= Vaclavs Borduško =

Latvian footballer (1914–1999)

Vaclavs Borduško (born 3 October 1914 in Riga, died 14 October 1999 in Toronto, Canada) was a Latvian international footballer, a two-time champion of Latvia.

==Biography==

Borduško was one of the most notable footballers of Polish origin in Latvia. His first senior football club was Reduta Riga – the strongest Riga polish football club of the 1920s-1930s. After the 1932 season he moved to the strongest Riga club – Rīgas FK. However he didn't actually play a single match with RFK and very soon transferred further – to SSS Riga, the local social democrats sports club for which he played in 1933. As after the Kārlis Ulmanis coup of 15 May 1934 all social democrat organisations were banned, SSS was disbanded and Borduško moved to Riga Vanderer. Borduško had a good second half of the season as Riga Vanderer achieved its best Latvian Higher League finish in the second position and won the Riga Football Cup, however after the season he changed the club again – this time for ASK Riga.

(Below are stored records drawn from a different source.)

lemma hamiltonian_variation_lower_bound:
  fixes \<beta> K e1 e2 \<epsilon> h1 h2 f m z1 z2 l1 l2 B C L :: real
  assumes "0 < K" "0 \<le> \<beta>" "0 < \<epsilon>" "\<epsilon> \<le> 1"
    and e1: "0 \<le> e1" "e1 \<le> 1" and e2: "0 \<le> e2" "e2 \<le> 1"
    and h1: "h1 = min 1 (max 0 (- f * l1)) - e1" and h2: "h2 = min 1 (max 0 (- m * l2)) - e2"
    and f: "\<bar>f\<bar> \<le> B" and m: "\<bar>m\<bar> \<le> B"
    and z1: "\<bar>z1\<bar> \<le> C * \<epsilon>" and z2: "\<bar>z2\<bar> \<le> C * \<epsilon>" and "C * \<epsilon> \<le> 1"
    and l1: "\<bar>l1\<bar> \<le> L" and l2: "\<bar>l2\<bar> \<le> L"
  shows "\<epsilon> / 2 * (h1\<^sup>2 + h2\<^sup>2) - 2 * L * (\<beta> / 2 * (1 + (6 * B + 2) / K) * C\<^sup>2 + C) * \<epsilon>\<^sup>2
    \<le> \<epsilon> * ((- f * l1 - e1) * h1 + (- m * l2 - e2) * h2) - \<epsilon>\<^sup>2 * (h1\<^sup>2 + h2\<^sup>2) / 2
       + l1 * (\<beta> / 2 * growth_remainder K f m z1 z2 - \<epsilon> * h1 * z1)
       + l2 * (\<beta> / 2 * growth_remainder K f m z1 z2 - \<epsilon> * h2 * z2)"
proof -
  define W where "W = (\<beta> / 2 * (1 + (6 * B + 2) / K) * C\<^sup>2 + C) * \<epsilon>\<^sup>2"
  have Q: "\<bar>growth_remainder K f m z1 z2\<bar> \<le> (1 + (6 * B + 2) / K) * (C * \<epsilon>)\<^sup>2"
    by (rule growth_remainder_bound) fact+
  have R: "\<bar>\<beta> / 2 * growth_remainder K f m z1 z2 - \<epsilon> * h * z\<bar> \<le> W"
    if "\<bar>h\<bar> \<le> 1" "\<bar>z\<bar> \<le> C * \<epsilon>" for h z
  proof -
    have "\<bar>\<beta> / 2 * growth_remainder K f m z1 z2\<bar> \<le> \<beta> / 2 * ((1 + (6 * B + 2) / K) * (C * \<epsilon>)\<^sup>2)"
      using Q \<open>0 \<le> \<beta>\<close> by (simp add: abs_mult mult_left_mono)
    moreover have "\<bar>\<epsilon> * h * z\<bar> \<le> \<epsilon> * 1 * (C * \<epsilon>)"
      using that \<open>0 < \<epsilon>\<close> by (intro abs_mult_le) (auto simp: abs_mult mult_left_le)
    moreover have "W = \<beta> / 2 * ((1 + (6 * B + 2) / K) * (C * \<epsilon>)\<^sup>2) + \<epsilon> * 1 * (C * \<epsilon>)"
      by (simp add: W_def power2_eq_square algebra_simps)
    ultimately show ?thesis
      using abs_triangle_ineq4[of "\<beta> / 2 * growth_remainder K f m z1 z2" "\<epsilon> * h * z"] by linarith
  qed
  have "\<bar>h1\<bar> \<le> 1" "\<bar>h2\<bar> \<le> 1"
    using e1 e2 unfolding h1 h2 by auto
  then have "\<bar>l1 * (\<beta> / 2 * growth_remainder K f m z1 z2 - \<epsilon> * h1 * z1)
      + l2 * (\<beta> / 2 * growth_remainder K f m z1 z2 - \<epsilon> * h2 * z2)\<bar> \<le> L * W + L * W"
    using l1 l2 z1 z2 by (intro order_trans[OF abs_triangle_ineq] add_mono abs_mult_le R)
  then have remainder: "- (2 * L * (\<beta> / 2 * (1 + (6 * B + 2) / K) * C\<^sup>2 + C) * \<epsilon>\<^sup>2)
      \<le> l1 * (\<beta> / 2 * growth_remainder K f m z1 z2 - \<epsilon> * h1 * z1)
        + l2 * (\<beta> / 2 * growth_remainder K f m z1 z2 - \<epsilon> * h2 * z2)"
    unfolding W_def by (simp only: abs_le_iff) (simp add: algebra_simps)
  have "h1\<^sup>2 \<le> (- f * l1 - e1) * h1" "h2\<^sup>2 \<le> (- m * l2 - e2) * h2"
    unfolding h1 h2 by (rule projection_unit_interval_ineq[OF e1], rule projection_unit_interval_ineq[OF e2])
  then have first_order: "\<epsilon> * (h1\<^sup>2 + h2\<^sup>2) \<le> \<epsilon> * ((- f * l1 - e1) * h1 + (- m * l2 - e2) * h2)"
    using \<open>0 < \<epsilon>\<close> by (intro mult_left_mono) auto
  have second_order: "\<epsilon>\<^sup>2 * (h1\<^sup>2 + h2\<^sup>2) / 2 \<le> \<epsilon> * (h1\<^sup>2 + h2\<^sup>2) / 2"
    using \<open>0 < \<epsilon>\<close> \<open>\<epsilon> \<le> 1\<close> by (intro divide_right_mono mult_right_mono) (auto simp: power2_eq_square)
  have "\<epsilon> / 2 * (h1\<^sup>2 + h2\<^sup>2) = \<epsilon> * (h1\<^sup>2 + h2\<^sup>2) - \<epsilon> * (h1\<^sup>2 + h2\<^sup>2) / 2"
    by simp
  with remainder first_order second_order show ?thesis
    by linarith
qed

section \<open>State and adjoint equations\<close>

lemma bounded_measurable_on_rhs:
  assumes "bounded_measurable_on S e" "bounded_measurable_on S f" "bounded_measurable_on S m"
  shows "bounded_measurable_on S (\<lambda>s. rhs_f \<beta> \<delta> K (e s) (f s) (m s))"
    and "bounded_measurable_on S (\<lambda>s. rhs_m \<beta> \<delta> K (e s) (f s) (m s))"
  unfolding rhs_f_def rhs_m_def Lfac_def by (intro bounded_measurable_on_intros assms)+

lemma bounded_measurable_on_adj:
  assumes "bounded_measurable_on S e" "bounded_measurable_on S f" "bounded_measurable_on S m"
    "bounded_measurable_on S l1" "bounded_measurable_on S l2"
  shows "bounded_measurable_on S (\<lambda>s. adj1 \<beta> \<delta> K (e s) (f s) (m s) (l1 s) (l2 s))"
    and "bounded_measurable_on S (\<lambda>s. adj2 \<beta> \<delta> K (e s) (f s) (m s) (l1 s) (l2 s))"
  unfolding adj1_def adj2_def Lfac_def by (intro bounded_measurable_on_intros assms)+

lemma linear_backward_system_exists:
  assumes "0 \<le> T"
    and c: "bounded_measurable_on {0..T} c11" "bounded_measurable_on {0..T} c21"
      "bounded_measurable_on {0..T} c12" "bounded_measurable_on {0..T} c22"
  obtains l1 l2 where "continuous_on {0..T} l1" "continuous_on {0..T} l2" "l1 T = 0" "l2 T = 0"
    and "\<And>t. t \<in> {0..T} \<Longrightarrow> ((\<lambda>s. 1 - l1 s * c11 s - l2 s * c21 s) has_integral (l1 T - l1 t)) {t..T}"
    and "\<And>t. t \<in> {0..T} \<Longrightarrow> ((\<lambda>s. 1 - l1 s * c12 s - l2 s * c22 s) has_integral (l2 T - l2 t)) {t..T}"
proof -
  obtain M11 where M11: "0 \<le> M11" "\<And>s. s \<in> {0..T} \<Longrightarrow> \<bar>c11 s\<bar> \<le> M11"
    using bounded_measurable_on_boundE[OF c(1)] by blast
  obtain M21 where M21: "0 \<le> M21" "\<And>s. s \<in> {0..T} \<Longrightarrow> \<bar>c21 s\<bar> \<le> M21"
    using bounded_measurable_on_boundE[OF c(2)] by blast
  obtain M12 where M12: "0 \<le> M12" "\<And>s. s \<in> {0..T} \<Longrightarrow> \<bar>c12 s\<bar> \<le> M12"
    using bounded_measurable_on_boundE[OF c(3)] by blast
  obtain M22 where M22: "0 \<le> M22" "\<And>s. s \<in> {0..T} \<Longrightarrow> \<bar>c22 s\<bar> \<le> M22"
    using bounded_measurable_on_boundE[OF c(4)] by blast
  define A where "A s p = (1 - fst p * c11 s - snd p * c21 s, 1 - fst p * c12 s - snd p * c22 s)"
    for s and p :: "real \<times> real"
  have lipschitz: "norm (A t p - A t q) \<le> (M11 + M21 + M12 + M22) * norm (p - q)" if t: "t \<in> {0..T}" for t p q
  proof -
    have d: "\<bar>fst q - fst p\<bar> \<le> norm (p - q)" "\<bar>snd q - snd p\<bar> \<le> norm (p - q)"
      using abs_fst_le_norm[of "p - q"] abs_snd_le_norm[of "p - q"] by (simp_all add: abs_minus_commute)
    have "fst (A t p - A t q) = (fst q - fst p) * c11 t + (snd q - snd p) * c21 t"
      by (simp add: A_def algebra_simps)
    also have "\<bar>\<dots>\<bar> \<le> norm (p - q) * M11 + norm (p - q) * M21"
      using d M11(2)[OF t] M21(2)[OF t] by (intro order_trans[OF abs_triangle_ineq] add_mono abs_mult_le)
    finally have "\<bar>fst (A t p - A t q)\<bar> \<le> norm (p - q) * M11 + norm (p - q) * M21" .
    moreover have "snd (A t p - A t q) = (fst q - fst p) * c12 t + (snd q - snd p) * c22 t"
      by (simp add: A_def algebra_simps)
    then have "\<bar>snd (A t p - A t q)\<bar> \<le> norm (p - q) * M12 + norm (p - q) * M22"
      using d M12(2)[OF t] M22(2)[OF t] by (simp only:) (intro order_trans[OF abs_triangle_ineq] add_mono abs_mult_le)
    ultimately show ?thesis
      using norm_Pair_le_abs[of "A t p - A t q"] by (simp add: algebra_simps)
  qed
  have integrable: "(\<lambda>s. A s (p s)) integrable_on {0..T}" if p: "continuous_on {0..T} p" for p
  proof -
    have "bounded_measurable_on {0..T} (\<lambda>s. fst (p s))" "bounded_measurable_on {0..T} (\<lambda>s. snd (p s))"
      by (intro bounded_measurable_on_continuous continuous_intros p)+
    then show ?thesis
      unfolding A_def using c
      by (intro integrable_on_Pair bounded_measurable_on_integrable bounded_measurable_on_intros)
  qed
  have "0 \<le> M11 + M21 + M12 + M22" using M11 M21 M12 M22 by simp
  obtain l where l: "continuous_on {0..T} l" "l T = 0"
    and l_eq: "\<And>t. t \<in> {0..T} \<Longrightarrow> ((\<lambda>s. A s (l s)) has_integral (l T - l t)) {t..T}"
    using backward_integral_equation_exists[where A=A, OF lipschitz \<open>0 \<le> M11 + M21 + M12 + M22\<close>
        \<open>0 \<le> T\<close> integrable] by blast
  show ?thesis
  proof
    show "continuous_on {0..T} (\<lambda>s. fst (l s))" "continuous_on {0..T} (\<lambda>s. snd (l s))"
      by (intro continuous_intros l)+
    show "fst (l T) = 0" "snd (l T) = 0"
      using l by simp_all
  next
    fix t assume "t \<in> {0..T}"
    from has_integral_fst[OF l_eq[OF this]] has_integral_snd[OF l_eq[OF this]]
    show "((\<lambda>s. 1 - fst (l s) * c11 s - snd (l s) * c21 s) has_integral (fst (l T) - fst (l t))) {t..T}"
      "((\<lambda>s. 1 - fst (l s) * c12 s - snd (l s) * c22 s) has_integral (snd (l T) - snd (l t))) {t..T}"
      by (simp_all add: A_def)
  qed
qed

ASK proved to be "his" side – that is Borduško played there until 1940 when Latvia lost its independence and the ASK side was dismissed. His first season wasn't especially good – Borduško had problems adapting to his new partners and received few scoring chances and ASK struggled in the league, finishing in a rather sad sixth place in the league. It started going uphill – in the next four years ASK was two times the second strongest side in Latvia and another two times – the third strongest. During the Soviet occupation of 1940 and 1941 Borduško played with RDKA Riga and RGK Riga, in the German occupation – with Bekona eksports in 1941 and again with ASK Riga from 1942 to 1943. In the latter two years with ASK Borduško won two Latvian league titles and the 1943 Latvian Football Cup.

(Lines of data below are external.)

(* Let $G=(A\cup B,E)$ be a bipartite graph with orderings $\sigma_A=(a_1,\ldots,a_n)$ of $A$ and $\sigma_B=(b_1,\ldots,b_m)$ of $B$, and let $M$ be the ordered bipartite adjacency matrix with rows $a_1,\ldots,a_n$, columns $b_1,\ldots,b_m$, and entry $m_{i,p}=1$ if $a_ib_p\in E$ and $0$ otherwise. Then $G$ admits a Stick representation respecting $\sigma_A$ and $\sigma_B$ if and only if $M$ contains none of the following ordered submatrices (where $*$ denotes an arbitrary entry $0$ or $1$): (P1) rows $i<j<k$ and columns $p<q<r$ with $m_{i,q}=1$, $m_{j,q}=0$, $m_{j,r}=1$, $m_{k,p}=1$; (P2) rows $i<j<k$ and columns $p<q$ with $m_{i,p}=1$, $m_{j,p}=0$, $m_{j,q}=1$, $m_{k,p}=1$; (P3) rows $i<j$ and columns $p<q<r$ with $m_{i,q}=1$, $m_{j,p}=1$, $m_{j,q}=0$, $m_{j,r}=1$. That is, the forbidden patterns are $P_1=\begin{bmatrix} * & 1 & * \\ * & 0 & 1 \\ 1 & * & * \end{bmatrix}$, $P_2=\begin{bmatrix} 1 & * \\ 0 & 1 \\ 1 & * \end{bmatrix}$, $P_3=\begin{bmatrix} * & 1 & * \\ 1 & 0 & 1 \end{bmatrix}$, with rows and columns taken in the given order.
   Context: A Stick representation of a bipartite graph $G=(A\cup B,E)$ (with $A$ horizontal and $B$ vertical) assigns to each vertex of $A$ a horizontal segment and to each vertex of $B$ a vertical segment such that the left endpoints of all horizontal segments and the bottom endpoints of all vertical segments lie on a fixed ground line $\ell$ of slope $-1$, and a horizontal and a vertical segment intersect if and only if the corresponding vertices are adjacent in $G$. The representation respects $\sigma_A$ and $\sigma_B$ if, ordering the points where segments touch $\ell$ from left to right, the $i$th horizontal segment corresponds to the $i$th vertex of $\sigma_A$ and the $j$th vertical segment corresponds to the $j$th vertex of $\sigma_B$. An ordered submatrix uses a subset of rows and a subset of columns in their original relative order. *)

theory Defs
  imports Main "HOL.Real"
begin

text \<open>Ground line: the line y = -x (slope -1); a point on it is (x, -x), and
  "left to right" along the line means increasing x.\<close>

definition hseg :: "real \<Rightarrow> real \<Rightarrow> (real \<times> real) set" where
  "hseg x h = {(t, - x) | t. x \<le> t \<and> t \<le> x + h}"

definition vseg :: "real \<Rightarrow> real \<Rightarrow> (real \<times> real) set" where
  "vseg x v = {(x, s) | s. - x \<le> s \<and> s \<le> - x + v}"

definition stick_rep ::
  "'a list \<Rightarrow> 'b list \<Rightarrow> ('a \<Rightarrow> 'b \<Rightarrow> bool) \<Rightarrow>
   ('a \<Rightarrow> real) \<Rightarrow> ('a \<Rightarrow> real) \<Rightarrow> ('b \<Rightarrow> real) \<Rightarrow> ('b \<Rightarrow> real) \<Rightarrow> bool" where
  "stick_rep sA sB E xa ha xb vb \<longleftrightarrow>
     (\<forall>a\<in>set sA. ha a > 0) \<and> (\<forall>b\<in>set sB. vb b > 0) \<and>
     (\<forall>i j. i < j \<and> j < length sA \<longrightarrow> xa (sA ! i) < xa (sA ! j)) \<and>
     (\<forall>p q. p < q \<and> q < length sB \<longrightarrow> xb (sB ! p) < xb (sB ! q)) \<and>
     (\<forall>a\<in>set sA. \<forall>b\<in>set sB. xa a \<noteq> xb b) \<and>
     (\<forall>a\<in>set sA. \<forall>b\<in>set sB.
        E a b \<longleftrightarrow> hseg (xa a) (ha a) \<inter> vseg (xb b) (vb b) \<noteq> {})"

definition has_stick_rep :: "'a list \<Rightarrow> 'b list \<Rightarrow> ('a \<Rightarrow> 'b \<Rightarrow> bool) \<Rightarrow> bool" where
  "has_stick_rep sA sB E \<longleftrightarrow> (\<exists>xa ha xb vb. stick_rep sA sB E xa ha xb vb)"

Borduško emigrated from Latvia during World War II. In 1945 he was the head of the Latvian football section in Lübeck, Germany. In 1946 he played with Latvian emigrants national football team, at the end of the year he moved to England, where he also was the head of the local Latvian football section for some time. At the end of the 1940s Borduško moved to Canada where he lived until his death in 1999.

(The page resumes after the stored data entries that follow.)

lemma eigenvalue_NS_symbol_iff:
  "eigenvalue (NS_symbol rho th R cv nu0 k0 \<xi>) mu \<longleftrightarrow>
    (\<exists>x y z. (x, y, z) \<noteq> (0, 0, 0)
      \<and> complex_of_real rho * \<i> * complex_of_real \<xi> * y = mu * x
      \<and> complex_of_real (R * th / rho) * \<i> * complex_of_real \<xi> * x
          - complex_of_real (nu0 * \<xi>\<^sup>2) * y + complex_of_real R * \<i> * complex_of_real \<xi> * z = mu * y
      \<and> complex_of_real (R * th / cv) * \<i> * complex_of_real \<xi> * y
          - complex_of_real (k0 * \<xi>\<^sup>2) * z = mu * z)"
    (is "?eig \<longleftrightarrow> (\<exists>x y z. ?eqs x y z)")
proof
  assume ?eig
  then obtain v where v: "v \<in> carrier_vec 3" "v \<noteq> 0\<^sub>v 3"
      "NS_symbol rho th R cv nu0 k0 \<xi> *\<^sub>v v = mu \<cdot>\<^sub>v v"
    unfolding eigenvalue_def eigenvector_def dim_row_NS_symbol by blast
  have nz: "(v$0, v$1, v$2) \<noteq> (0, 0, 0)"
  proof
    assume "(v$0, v$1, v$2) = (0, 0, 0)"
    then have "v = 0\<^sub>v 3"
      using v(1) by (intro eq_vecI) (auto simp: numeral_3_eq_3 numeral_2_eq_2 less_Suc_eq)
    with v(2) show False by simp
  qed
  have "(NS_symbol rho th R cv nu0 k0 \<xi> *\<^sub>v v) $ i = (mu \<cdot>\<^sub>v v) $ i" if "i < 3" for i
    using v(3) by simp
  note rows = this[unfolded NS_symbol_mult_vec[OF v(1)]]
  have "?eqs (v$0) (v$1) (v$2)"
    using nz rows[of 0] rows[of 1] rows[of 2] v(1) by (auto simp: mult.commute)
  then show "\<exists>x y z. ?eqs x y z" by blast
next
  assume "\<exists>x y z. ?eqs x y z"
  then obtain x y z where eqs: "?eqs x y z" by blast
  define v where "v = vec 3 (\<lambda>i. if i = 0 then x else if i = 1 then y else z)"
  have v: "v \<in> carrier_vec 3" by (simp add: v_def)
  have "v \<noteq> 0\<^sub>v 3"
  proof
    assume "v = 0\<^sub>v 3"
    then have "v$0 = 0" "v$1 = 0" "v$2 = 0" by auto
    with eqs show False by (simp add: v_def)
  qed
  moreover have "NS_symbol rho th R cv nu0 k0 \<xi> *\<^sub>v v = mu \<cdot>\<^sub>v v"
    unfolding NS_symbol_mult_vec[OF v] using eqs by (intro eq_vecI) (auto simp: v_def mult.commute)
  ultimately show ?eig
    unfolding eigenvalue_def eigenvector_def dim_row_NS_symbol using v by blast
qed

==National team playing career==

Borduško made his international début for Latvia on 14 August 1934. In his next match on 9 September 1934 Borduško scored his first goal for the national team. In total he played 25 international matches for Latvia scoring 8 goals, including two in the 1938 FIFA World Cup qualifiers. Borduško played his last match for Latvia on 24 September 1939 when he wasn't even full 25 years old. With 25 international matches he was the 13th most capped international footballer in the independent Latvia of the 1920s and 1930s. According to various sources Borduško scored 7 or 8 goals in international matches for Latvia.